Это не всегда были случаи шизофренических психозов. Исследования, проводившиеся непосредственно накануне Второй мировой войны и продолжавшиеся во время войны в самой Европе или в Соединенных Штатах в очень различных областях, в ряде случаев, очень отдаленных от этой главы психической патологии, позволят продвинуться дальше. Но обращение к тому, что касается шизофренических психозов, получит при этом повсеместное распространение только после войны, когда эти идеи будут восприниматься как открытия, предлагаемые американскими освободителями или победителями, и признаваться или отвергаться как таковые, даже если возникновение этих идей, давно уже забытых, имело место на старом континенте.

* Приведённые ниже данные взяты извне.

theorem mainTheorem12:
  fixes g1 g2 :: "'m \<Rightarrow> 'v::euclidean_space \<Rightarrow> 'v \<Rightarrow> real"
  assumes "pointwise_metric g1" and "pointwise_metric g2"
  defines "C1 \<equiv> (\<exists>h::'m \<Rightarrow> real. (\<forall>p. h p > 0) \<and> (\<forall>p v w. g2 p v w = h p * g1 p v w))"
      and "C2 \<equiv> (\<exists>f::'m \<Rightarrow> real. (\<forall>p. f p > 0) \<and>
                   (\<forall>p v. ip_norm (g1 p) v = f p * ip_norm (g2 p) v))"
      and "C3 \<equiv> (\<forall>p v w. v \<noteq> 0 \<longrightarrow> w \<noteq> 0 \<longrightarrow> ip_angle (g1 p) v w = ip_angle (g2 p) v w)"
      and "C4 \<equiv> (\<forall>p v w. v \<noteq> 0 \<longrightarrow> w \<noteq> 0 \<longrightarrow> (g1 p v w = 0 \<longleftrightarrow> g2 p v w = 0))"
      and "C5 \<equiv> (\<forall>p. \<exists>\<theta>0. 0 < \<theta>0 \<and> \<theta>0 < pi \<and>
                   (\<forall>v w. v \<noteq> 0 \<longrightarrow> w \<noteq> 0 \<longrightarrow>
                      (ip_angle (g1 p) v w = \<theta>0 \<longleftrightarrow> ip_angle (g2 p) v w = \<theta>0)))"
  shows "(C1 \<longleftrightarrow> C2) \<and> (C2 \<longleftrightarrow> C3) \<and> (C3 \<longleftrightarrow> C4) \<and> (C4 \<longleftrightarrow> C5)"
proof -
  have ip1: "inner_product_on (g1 p)" and ip2: "inner_product_on (g2 p)" for p
    using assms(1,2) unfolding pointwise_metric_def by blast+
  have C1_pointwise: "C1 \<longleftrightarrow> (\<forall>p. \<exists>h>0. \<forall>v w. g2 p v w = h * g1 p v w)"
    unfolding C1_def by (simp add: choice_iff all_conj_distrib)
  have C2_pointwise: "C2 \<longleftrightarrow> (\<forall>p. \<exists>f>0. \<forall>v. ip_norm (g1 p) v = f * ip_norm (g2 p) v)"
    unfolding C2_def by (simp add: choice_iff all_conj_distrib)
  have "C1 \<longleftrightarrow> C2"
    unfolding C1_pointwise C2_pointwise using conformal_iff_norms_proportional[OF ip1 ip2] by blast
  moreover have "C3" if "C1"
    unfolding C3_def
  proof (intro allI impI)
    show "ip_angle (g1 p) v w = ip_angle (g2 p) v w" for p v w
      using \<open>C1\<close> conformal_imp_angles_eq[of "g2 p" "g1 p"] unfolding C1_pointwise by blast
  qed
  moreover have "C3 \<Longrightarrow> C4"
    unfolding C3_def C4_def using angles_eq_imp_orthogonality_preserved[OF ip1 ip2] by blast
  moreover have "C4 \<Longrightarrow> C1"
    unfolding C1_pointwise C4_def using orthogonality_preserved_imp_conformal[OF ip1 ip2] by blast
  moreover have "C3 \<Longrightarrow> C5"
    unfolding C3_def C5_def by (intro allI exI[of _ "pi / 2"]) auto
  moreover have "C5 \<Longrightarrow> C4"
    unfolding C4_def C5_def
    using single_angle_preserved_imp_orthogonality_preserved[OF ip1 ip2] by blast
  ultimately show ?thesis by blast
qed

end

Глава VII. 1943: ночь, следующая за ночью.
Хорошо известно, что Вторая мировая война вызвала не просто бегство, но настоящий исход умов из числа психиатров и еще больше из числа психоаналитиков, многие из которых были еврейского происхождения. Некоторым бежавшим от нацистского режима удалось покинуть Германию и Австрию и найти убежище во Франции, а затем, когда Франция оказалась под угрозой, подверглась нападению и оккупации, — в Англии, Соединенных Штатах или в нейтральных странах. Наиболее известен пример самого S. Freud, его дочери Анны и Melanie Klein, которые, обосновавшись в Лондоне, сделали из этого города новую Мекку психоанализа, открыв, таким образом, после венской главы английскую главу истории этой дисциплины. Но для нашей темы еще более важной является эмиграция Bruno Bettelheim /1903-1990/. Найдя убежище в США в 1939 г., после того, как в течение одного года он был заключенным в концентрационных лагерях Дахау и Бухенвальд, он найдет в себе мужество использовать этот страшный личный опыт для разработки и предложения новой теоретической модели шизофрении.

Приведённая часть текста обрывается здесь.